Later, when the Duchesse de Saint-Leu (Queen Hortense), mother of Prince Louis Napoleon, occupied the leisure afforded her by her exile in roaming through Switzerland with Mlle. Cochelet, she had no object in view except that which chance offered. “All our distractions during these wanderings,” wrote Mlle. Cochelet, “were confined to searching for four-leaved shamrocks, to which were attached various ideas. ‘If,’ said the Duchesse, ‘I find a four-leaved shamrock, it will signify that we shall return to France before very long, or that I shall receive a letter from my son to-morrow,’ and so on.” The author does not add, “Or perhaps I shall reign through my son,” but that is implied in most of the wishes of the ex-Queen of Holland.

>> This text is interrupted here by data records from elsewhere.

text \<open>Write \<open>c : X\<^sub>n \<rightarrow> Map(\<partial>\<Delta>\<^sup>n \<hookrightarrow> \<Delta>\<^sup>n, f)\<close> for the canonical map into the pullback of
  \<open>Map(\<partial>\<Delta>\<^sup>n, X) \<rightarrow> Map(\<partial>\<Delta>\<^sup>n, Y) \<leftarrow> Y\<^sub>n\<close>. For \<open>n \<ge> k\<close> it is a monomorphism: above \<open>k\<close>
  because a simplex of the \<open>k\<close>-groupoid \<open>X\<close> is determined by a horn, and at \<open>n = k\<close> by degenerating
  to level \<open>k + 1\<close>, where the hypercover condition and horn uniqueness apply. At \<open>n = k\<close> the map
  \<open>c\<close> is moreover a cover, and a monic cover is an isomorphism because covers are effective
  epimorphisms; above \<open>k\<close> it has a section obtained by filling horns in \<open>X\<close>.\<close>

section \<open>Simplicial operators\<close>

lemma dmap_dcomp: "dmap m k \<phi> \<Longrightarrow> dmap k n \<theta> \<Longrightarrow> dmap m n (dcomp m \<theta> \<phi>)"
  unfolding dmap_def dcomp_def by auto

lemma dcomp_assoc: "dmap m k \<psi> \<Longrightarrow> dcomp m (dcomp k \<theta> \<phi>) \<psi> = dcomp m \<theta> (dcomp m \<phi> \<psi>)"
  unfolding dmap_def dcomp_def by auto

lemma dcomp_did_left: "dmap m n \<theta> \<Longrightarrow> dcomp m (did n) \<theta> = \<theta>"
  unfolding dmap_def dcomp_def did_def by (rule ext) auto

lemma dcomp_did_right: "dmap m n \<theta> \<Longrightarrow> dcomp m \<theta> (did m) = \<theta>"
  unfolding dmap_def dcomp_def did_def by (rule ext) auto

lemma dmap_did: "dmap n n (did n)"
  unfolding dmap_def did_def by auto

lemma image_dcomp: "dmap m k \<phi> \<Longrightarrow> dcomp m \<theta> \<phi> ` {0..m} = \<theta> ` \<phi> ` {0..m}"
  unfolding dmap_def dcomp_def by force

lemma image_dcomp_subset: "dmap m k \<phi> \<Longrightarrow> dcomp m \<theta> \<phi> ` {0..m} \<subseteq> \<theta> ` {0..k}"
  unfolding dmap_def dcomp_def by auto

lemma dmap_eqI: "dmap m n \<theta> \<Longrightarrow> dmap m n' \<theta>' \<Longrightarrow> (\<And>j. j \<le> m \<Longrightarrow> \<theta> j = \<theta>' j) \<Longrightarrow> \<theta> = \<theta>'"
  unfolding dmap_def by (rule ext) (metis not_le)

lemma dmap_le: "dmap m n \<theta> \<Longrightarrow> j \<le> m \<Longrightarrow> \<theta> j \<le> n"
  unfolding dmap_def by blast

lemma dmap_mono: "dmap m n \<theta> \<Longrightarrow> i \<le> j \<Longrightarrow> j \<le> m \<Longrightarrow> \<theta> i \<le> \<theta> j"
  unfolding dmap_def by blast

lemma dmap_out: "dmap m n \<theta> \<Longrightarrow> m < j \<Longrightarrow> \<theta> j = 0"
  unfolding dmap_def by blast

lemma strict_mono_on_ge_self: "strict_mono_on {0..m} (\<iota>::nat \<Rightarrow> nat) \<Longrightarrow> i \<le> m \<Longrightarrow> i \<le> \<iota> i"
proof (induction i)
  case (Suc i)
  then have "\<iota> i < \<iota> (Suc i)" unfolding strict_mono_on_def by auto
  with Suc show ?case by auto
qed simp

lemma finite_set_strict_mono_enumeration:
  assumes "finite (A::nat set)" "A \<noteq> {}"
  obtains m \<iota> where "strict_mono_on {0..m::nat} \<iota>" "\<iota> ` {0..m} = A"
proof -
  define L where "L = sorted_list_of_set A"
  have sorted: "sorted_wrt (<) L" and set_L: "set L = A" and len: "0 < length L"
    using assms unfolding L_def by (simp_all add: card_gt_0_iff)
  have interval: "{0..length L - 1} = {..<length L}" using len by (auto simp: less_eq_Suc_le)
  have "strict_mono_on {0..length L - 1} (\<lambda>i. L ! i)"
    using sorted unfolding interval strict_mono_on_def by (simp add: sorted_wrt_iff_nth_less)
  moreover have "(\<lambda>i. L ! i) ` {0..length L - 1} = A"
    using set_L unfolding interval by (auto simp: in_set_conv_nth)
  ultimately show ?thesis by (rule that)
qed

lemma strict_mono_on_image_eq:
  assumes \<iota>1: "strict_mono_on {0..m1} (\<iota>1::nat \<Rightarrow> nat)" and \<iota>2: "strict_mono_on {0..m2} (\<iota>2::nat \<Rightarrow> nat)"
    and image_eq: "\<iota>1 ` {0..m1} = \<iota>2 ` {0..m2}"
  shows "m1 = m2" and "j \<le> m1 \<Longrightarrow> \<iota>1 j = \<iota>2 j"
proof -
  show m: "m1 = m2"
    using card_image[OF strict_mono_on_imp_inj_on[OF \<iota>1]] card_image[OF strict_mono_on_imp_inj_on[OF \<iota>2]] image_eq
    by simp
  have sorted: "sorted_wrt (<) (map \<iota> [0..<Suc m])" if "strict_mono_on {0..m} \<iota>" for m and \<iota> :: "nat \<Rightarrow> nat"
    using that unfolding sorted_wrt_map strict_mono_on_def by (intro sorted_wrt_mono_rel[OF _ sorted_wrt_upt]) auto
  have lists: "map \<iota>1 [0..<Suc m1] = map \<iota>2 [0..<Suc m1]"
  proof (rule strict_sorted_equal)
    show "sorted_wrt (<) (map \<iota>1 [0..<Suc m1])" "sorted_wrt (<) (map \<iota>2 [0..<Suc m1])"
      using sorted[OF \<iota>1] sorted[OF \<iota>2] m by simp_all
    show "set (map \<iota>1 [0..<Suc m1]) = set (map \<iota>2 [0..<Suc m1])"
      using image_eq m by (simp only: set_map set_upt atLeastLessThanSuc_atLeastAtMost)
  qed
  show "\<iota>1 j = \<iota>2 j" if "j \<le> m1"
    using lists that by (simp del: upt_Suc add: map_eq_conv)
qed

definition epi_mono_factorization ::
  "nat \<Rightarrow> nat \<Rightarrow> (nat \<Rightarrow> nat) \<Rightarrow> nat \<Rightarrow> (nat \<Rightarrow> nat) \<Rightarrow> (nat \<Rightarrow> nat) \<Rightarrow> bool" where
  "epi_mono_factorization m n \<theta> m' \<iota> \<pi> \<longleftrightarrow>
     dmap m' n \<iota> \<and> strict_mono_on {0..m'} \<iota> \<and> dmap m m' \<pi> \<and> \<pi> ` {0..m} = {0..m'} \<and>
     dcomp m \<iota> \<pi> = \<theta>"

lemma dmap_strict_mono_on:
  assumes \<iota>: "strict_mono_on {0..m} \<iota>" and le: "\<And>i. i \<le> m \<Longrightarrow> \<iota> i \<le> n"
  shows "dmap m n (\<lambda>i. if i \<le> m then \<iota> i else 0)"
  unfolding dmap_def
proof (intro conjI allI impI)
  fix i j assume ij: "i \<le> j \<and> j \<le> m"
  show "(if i \<le> m then \<iota> i else 0) \<le> (if j \<le> m then \<iota> j else 0)"
  proof (cases "i = j")
    case False
    then have "\<iota> i < \<iota> j" using ij by (intro strict_mono_onD[OF \<iota>]) auto
    with ij show ?thesis by auto
  qed simp
qed (simp_all add: le)

lemma strict_mono_enumeration_factor:
  assumes \<theta>: "dmap m n \<theta>" and \<iota>: "strict_mono_on {0..m'} (\<iota>::nat \<Rightarrow> nat)"
    and image: "\<iota> ` {0..m'} = \<theta> ` {0..m}"
  obtains \<pi> where "dmap m m' \<pi>" "\<pi> ` {0..m} = {0..m'}" "\<And>j. j \<le> m \<Longrightarrow> \<iota> (\<pi> j) = \<theta> j"
proof -
  have inj: "a = b" if "a \<le> m'" "b \<le> m'" "\<iota> a = \<iota> b" for a b
    using strict_mono_on_imp_inj_on[OF \<iota>] that by (simp add: inj_on_def)
  define \<pi> where "\<pi> = (\<lambda>j. if j \<le> m then (THE i. i \<le> m' \<and> \<iota> i = \<theta> j) else 0)"
  have \<pi>: "\<pi> j \<le> m' \<and> \<iota> (\<pi> j) = \<theta> j" if "j \<le> m" for j
  proof -
    have "\<theta> j \<in> \<iota> ` {0..m'}" using image that by auto
    then obtain i where "i \<le> m'" "\<iota> i = \<theta> j" by auto
    then have "\<exists>!i. i \<le> m' \<and> \<iota> i = \<theta> j" using inj by (intro ex1I[of _ i]) auto
    from theI'[OF this] that show ?thesis unfolding \<pi>_def by simp
  qed
  have "dmap m m' \<pi>"
    unfolding dmap_def
  proof (intro conjI allI impI)
    fix i j assume ij: "i \<le> j \<and> j \<le> m"
    show "\<pi> i \<le> \<pi> j"
    proof (rule ccontr)
      assume "\<not> \<pi> i \<le> \<pi> j"
      then have "\<iota> (\<pi> j) < \<iota> (\<pi> i)" using \<pi> ij by (intro strict_mono_onD[OF \<iota>]) auto
      then have "\<theta> j < \<theta> i" using \<pi> ij by auto
      then show False using dmap_mono[OF \<theta>] ij by (meson not_le)
    qed
  qed (use \<pi> in \<open>auto simp: \<pi>_def\<close>)
  moreover have "\<pi> ` {0..m} = {0..m'}"
  proof
    show "\<pi> ` {0..m} \<subseteq> {0..m'}" using \<pi> by auto
    show "{0..m'} \<subseteq> \<pi> ` {0..m}"
    proof
      fix i assume i: "i \<in> {0..m'}"
      then have "\<iota> i \<in> \<theta> ` {0..m}" using image by blast
      then obtain j where j: "j \<le> m" "\<theta> j = \<iota> i" by (metis atLeastAtMost_iff imageE)
      then have "\<pi> j = i" using \<pi>[OF j(1)] i inj by auto
      with j(1) show "i \<in> \<pi> ` {0..m}" by auto
    qed
  qed
  ultimately show ?thesis using \<pi> by (intro that) auto
qed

In 1834 Louis Napoleon and his mother travelled in Italy. They had been in Rome for some time, when one day Hortense consulted a negress, a somnambulist, who, according to M. de La Guéronnière, had produced some remarkable phenomena. A clever magnetizer sent the negress to sleep, and presently, in response to the eager questions of Hortense, the somnambulist exclaimed suddenly, as if inspired, “I see your son happy and triumphant. A great nation takes him for chief.” “For Emperor, you mean, do you not?” asked the mother breathlessly. “For chief,” replied the somnambulist. Hortense could not obtain from the negress anything more satisfactory, but the prediction was confirmed subsequently by what the doyen of Paris priests said to Louis Napoleon, then President of the Republic: “Monseigneur, the will of God will be fulfilled quand même.”

Louis Napoleon was imbued with all his mother’s superstitious ideas. One of his friends having asked him why the attempt at Strasburg had failed, the Prince smilingly furnished an explanation which doubtless accorded with his fatalistic instincts—a wheel of his carriage had come off between Lehr and Strasburg! But his instincts required guiding, and Hortense was not equal to the task. While she was making lint for the wounded and weaving patriotic romances to cheer the faint-hearted, the mother of the future Emperor (then Queen of Holland) inculcated in the young Louis those bellicose ideas which were quite foreign to his calm and dreamy nature. “Supposing you had not a sou in the world to call your own,” she said to her eldest boy one day, “what would you do, Napoleon, to gain a livelihood?” “I should go for a soldier,” was the reply. “And you, Louis, what would you do?” “I should sell violets, like the little boy who stands at the gates of the Tuileries,” answered the child whom Destiny had marked out for an Emperor. There was something in this boy’s character to reform, and his mother set about the task, invoking the aid of all around her—amongst them Napoleon I. and Mme. Bure, the faithful nurse, who was jealous of the attention bestowed upon the boy by Mme. de Boubers and the Abbé Bertrand.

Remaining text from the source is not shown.